Though this view is eminently plausible, it is understandably contested by those who view Trumpian entropy with an even more jaundiced eye. This latter perspective is embodied by Yonatan Zunger, who blogs at Medium. Taking together all of the actions and statements of the Trump administration's first week, Zunger asks if they should be read as the trial balloon for a future coup against the democratic institutions of the U.S. government (funded by a recently acquired 19% share in Russia's state oil company). Where Brooks sees amateurism and incoherence, Zunger sees a "tight inner circle" that "is actively probing the means by which they can seize unchallenged power." All of the provocations (what Heather Richardson calls "shock events") of Trump's first days are not, in this view, arbitrary or unplanned, but are deliberate attempts to gauge the reactions of various federal agencies and to induce "dissent fatigue" in the wider public.
It is easy to see why Zunger's view is persuasive. It is difficult to believe that the denizens of the Trump administration, having risen so precipitously to such heights of power, could possibly be as incompetent as the tenor of their first weeks would suggest. If one eliminates that possibility, then fitting the observable facts into a pattern of malignant intent is the next natural choice.
Zunger's read cannot be dismissed as entirely far-fetched. Nor, it must be emphasized, are the two scenarios outlined by Zunger and Brooks necessarily mutually exclusive. It is entirely possible that the Trump administration (or different parts of it, to varying degrees respectively) are simultaneously deliberately anti-democratic and incoherently maladroit. Time and circumstance will tell which of these two Trumpological analyses is more accurate. Two things are clear from the outset, however.
The first is that, whether they are blundering or scheming, their penchant for callousness and cruelty (and the pain they inflict) remains the same. Whether his travel ban order was a botched attempt to make good on a polemical campaign promise or a clever ruse in pursuit of unconstitutional power, Donald Trump knew it would cause misery and hardship to hundreds of people, and he did not care. However one slices it, Trump's politics incorporate a degree of sadism.
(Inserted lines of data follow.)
(* Let $n\geq 1$ be an integer and let $a,b\in\mathbb{C}$. Then $$C_n^{(a,b)}=a\,M_{n-1}^{(a+b,\,ab)},\qquad b\,S_n^{(a,b)}=(a+b)\,C_n^{(b,\,a+b)},\qquad S_n^{(a,b)}=(a+b)\,M_{n-1}^{(a+2b,\,ab+b^2)},$$ where $C_n^{(a,b)}$, $S_n^{(a,b)}$, $M_m^{(a,b)}$ are the weighted Catalan, Schröder and Motzkin numbers defined in the context.
   Context: Let $C_k=\frac{1}{k+1}\binom{2k}{k}$ be the Catalan numbers. For $m\geq 0$ and $a,b\in\mathbb{C}$: (1) The $(a,b)$-Motzkin number is $M_m^{(a,b)}=\sum_{k=0}^{\lfloor m/2\rfloor}\binom{m}{2k}C_k a^{m-2k}b^k$ (total weight of Motzkin paths of order $m$ with steps $(0,2),(2,0),(1,1)$ staying weakly above $y=x$, each $(1,1)$ step weighted $a$ and each $(2,0)$ step weighted $b$). (2) For $n\geq 1$, the valley type $(a,b)$-Catalan number is $C_n^{(a,b)}=\sum_{k=0}^{n-1}\frac{1}{n}\binom{n}{k}\binom{n}{k+1}a^{n-k}b^k$ (total weight of Catalan paths from $(0,0)$ to $(n,n)$ with steps $\mathbf N=(0,1)$, $\mathbf E=(1,0)$ never going below $y=x$, where each $\mathbf E$ step immediately followed by an $\mathbf N$ step has weight $b$ and every other $\mathbf E$ step has weight $a$). (3) The $(a,b)$-Schröder number is $S_n^{(a,b)}=\sum_{k=0}^{n}\binom{n+k}{2k}C_k a^{n-k}b^k$ (total weight of Schröder paths from $(0,0)$ to $(n,n)$ with steps $(0,1),(1,0),(1,1)$ never going below $y=x$, each $(1,1)$ step weighted $a$ and each $(1,0)$ step weighted $b$). *)

theory Defs
  imports Complex_Main
begin

definition catalan :: "nat \<Rightarrow> nat" where
  "catalan k = ((2*k) choose k) div (k+1)"

definition motzkin_ab :: "complex \<Rightarrow> complex \<Rightarrow> nat \<Rightarrow> complex" where
  "motzkin_ab a b m = (\<Sum>k=0..m div 2. of_nat (m choose (2*k)) * of_nat (catalan k) * a^(m - 2*k) * b^k)"

definition catalan_ab :: "complex \<Rightarrow> complex \<Rightarrow> nat \<Rightarrow> complex" where
  "catalan_ab a b n = (\<Sum>k=0..n-1. (1 / of_nat n) * of_nat (n choose k) * of_nat (n choose (k+1)) * a^(n-k) * b^k)"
His claims to political efficacy all revolve to one degree or another on the promise to make the "right" people (that is, the "wrong people" who don't hold the privilege of being deemed "real Americans") hurt.
The second clear imperative of the Trumpian moment is the urgent need for citizenship. In the end it will not matter whether or not Donald Trump's actions were taken with an eye toward unlimited power. The damage this mode of governance will do to our democratic institutions will be similar in the long run in either case. Citizens on all sides of the political spectrum must stand up and demand that Donald Trump govern in a way that does not sow anger, fear, and chaos, and that the rest of our government (the House, the Senate, the courts, the governors, the state legislatures) hold him accountable to that constraint. In the end, only our vigilance and active civic engagement can insure that our Republic will survive the length of Trump's tenure in office, whatever the truth may be about his intentions and competence.